Available data –

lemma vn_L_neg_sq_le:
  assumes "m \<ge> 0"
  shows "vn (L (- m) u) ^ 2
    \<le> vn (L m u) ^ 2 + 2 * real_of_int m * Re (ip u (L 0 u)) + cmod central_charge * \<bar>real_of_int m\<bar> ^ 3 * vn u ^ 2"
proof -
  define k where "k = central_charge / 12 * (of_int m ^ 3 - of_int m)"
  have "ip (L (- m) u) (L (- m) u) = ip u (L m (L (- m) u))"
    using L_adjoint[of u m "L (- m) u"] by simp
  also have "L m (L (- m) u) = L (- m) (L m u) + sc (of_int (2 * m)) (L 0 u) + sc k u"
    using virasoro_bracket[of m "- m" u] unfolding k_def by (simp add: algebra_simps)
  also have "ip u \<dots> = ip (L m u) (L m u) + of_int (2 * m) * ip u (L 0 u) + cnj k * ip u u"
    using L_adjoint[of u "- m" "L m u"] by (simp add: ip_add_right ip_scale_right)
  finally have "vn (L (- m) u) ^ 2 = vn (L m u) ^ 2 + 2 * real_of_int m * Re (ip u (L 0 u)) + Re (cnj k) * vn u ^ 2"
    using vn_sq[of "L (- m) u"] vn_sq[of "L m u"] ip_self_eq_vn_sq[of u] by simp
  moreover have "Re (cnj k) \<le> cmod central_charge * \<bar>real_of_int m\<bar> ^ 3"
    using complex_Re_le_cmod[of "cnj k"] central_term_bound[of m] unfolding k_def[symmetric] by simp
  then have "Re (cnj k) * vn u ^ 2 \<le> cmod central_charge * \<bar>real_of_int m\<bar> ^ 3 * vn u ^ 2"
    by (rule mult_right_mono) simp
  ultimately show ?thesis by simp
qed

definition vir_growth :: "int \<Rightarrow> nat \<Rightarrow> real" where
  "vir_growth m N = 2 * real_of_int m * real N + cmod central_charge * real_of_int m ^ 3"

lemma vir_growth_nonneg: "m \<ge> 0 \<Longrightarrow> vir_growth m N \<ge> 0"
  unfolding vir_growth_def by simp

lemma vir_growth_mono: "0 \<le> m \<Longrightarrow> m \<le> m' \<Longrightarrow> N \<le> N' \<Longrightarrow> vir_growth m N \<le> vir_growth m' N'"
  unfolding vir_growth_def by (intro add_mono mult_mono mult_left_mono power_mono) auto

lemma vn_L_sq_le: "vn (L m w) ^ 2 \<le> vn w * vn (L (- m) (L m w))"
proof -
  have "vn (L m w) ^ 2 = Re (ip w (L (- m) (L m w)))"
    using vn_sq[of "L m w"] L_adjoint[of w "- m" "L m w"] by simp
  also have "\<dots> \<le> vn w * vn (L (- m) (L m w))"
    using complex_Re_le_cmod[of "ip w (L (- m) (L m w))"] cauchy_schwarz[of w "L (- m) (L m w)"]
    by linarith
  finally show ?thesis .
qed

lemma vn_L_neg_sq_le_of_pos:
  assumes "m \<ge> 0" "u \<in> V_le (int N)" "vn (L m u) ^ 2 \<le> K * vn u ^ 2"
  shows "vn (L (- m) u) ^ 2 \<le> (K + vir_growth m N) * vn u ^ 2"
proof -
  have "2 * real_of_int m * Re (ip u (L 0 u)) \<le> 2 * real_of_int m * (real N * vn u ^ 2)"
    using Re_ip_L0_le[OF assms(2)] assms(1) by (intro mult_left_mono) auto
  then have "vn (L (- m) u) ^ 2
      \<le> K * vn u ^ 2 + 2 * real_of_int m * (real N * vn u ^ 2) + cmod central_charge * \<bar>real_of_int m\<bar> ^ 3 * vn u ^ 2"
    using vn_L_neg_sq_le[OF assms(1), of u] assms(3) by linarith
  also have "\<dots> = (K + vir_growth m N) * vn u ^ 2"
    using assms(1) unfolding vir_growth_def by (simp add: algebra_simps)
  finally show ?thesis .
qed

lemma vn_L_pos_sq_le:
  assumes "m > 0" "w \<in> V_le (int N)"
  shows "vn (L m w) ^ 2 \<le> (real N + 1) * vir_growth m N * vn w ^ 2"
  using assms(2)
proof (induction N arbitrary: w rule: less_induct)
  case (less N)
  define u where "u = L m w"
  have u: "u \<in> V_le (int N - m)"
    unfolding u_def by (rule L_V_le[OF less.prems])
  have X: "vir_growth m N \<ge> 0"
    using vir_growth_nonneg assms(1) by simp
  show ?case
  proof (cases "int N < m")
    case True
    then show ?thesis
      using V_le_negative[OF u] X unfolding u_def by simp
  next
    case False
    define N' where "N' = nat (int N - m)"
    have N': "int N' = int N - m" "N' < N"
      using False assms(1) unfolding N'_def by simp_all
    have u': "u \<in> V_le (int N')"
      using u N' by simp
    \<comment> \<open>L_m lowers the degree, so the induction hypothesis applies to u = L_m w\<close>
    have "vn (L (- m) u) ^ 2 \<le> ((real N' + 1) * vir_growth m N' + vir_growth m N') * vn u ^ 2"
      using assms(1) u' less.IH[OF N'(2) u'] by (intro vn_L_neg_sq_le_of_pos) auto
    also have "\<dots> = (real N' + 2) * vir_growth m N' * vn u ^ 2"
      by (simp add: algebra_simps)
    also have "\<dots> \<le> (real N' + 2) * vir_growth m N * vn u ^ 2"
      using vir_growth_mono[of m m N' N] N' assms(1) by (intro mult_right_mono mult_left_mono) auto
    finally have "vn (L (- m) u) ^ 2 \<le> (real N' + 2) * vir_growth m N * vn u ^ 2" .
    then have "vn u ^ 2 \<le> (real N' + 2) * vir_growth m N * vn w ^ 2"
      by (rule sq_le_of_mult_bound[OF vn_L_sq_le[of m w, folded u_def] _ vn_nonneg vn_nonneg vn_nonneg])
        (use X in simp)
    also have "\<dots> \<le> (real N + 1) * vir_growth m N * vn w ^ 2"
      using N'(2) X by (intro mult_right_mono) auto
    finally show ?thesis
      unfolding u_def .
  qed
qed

Problem description – Where a line in the records above contains the word "auto", copy that line.

Answer to this exercise –
  unfolding vir_growth_def by (intro add_mono mult_mono mult_left_mono power_mono) auto
    using Re_ip_L0_le[OF assms(2)] assms(1) by (intro mult_left_mono) auto
      using assms(1) u' less.IH[OF N'(2) u'] by (intro vn_L_neg_sq_le_of_pos) auto
      using vir_growth_mono[of m m N' N] N' assms(1) by (intro mult_right_mono mult_left_mono) auto
      using N'(2) X by (intro mult_right_mono) auto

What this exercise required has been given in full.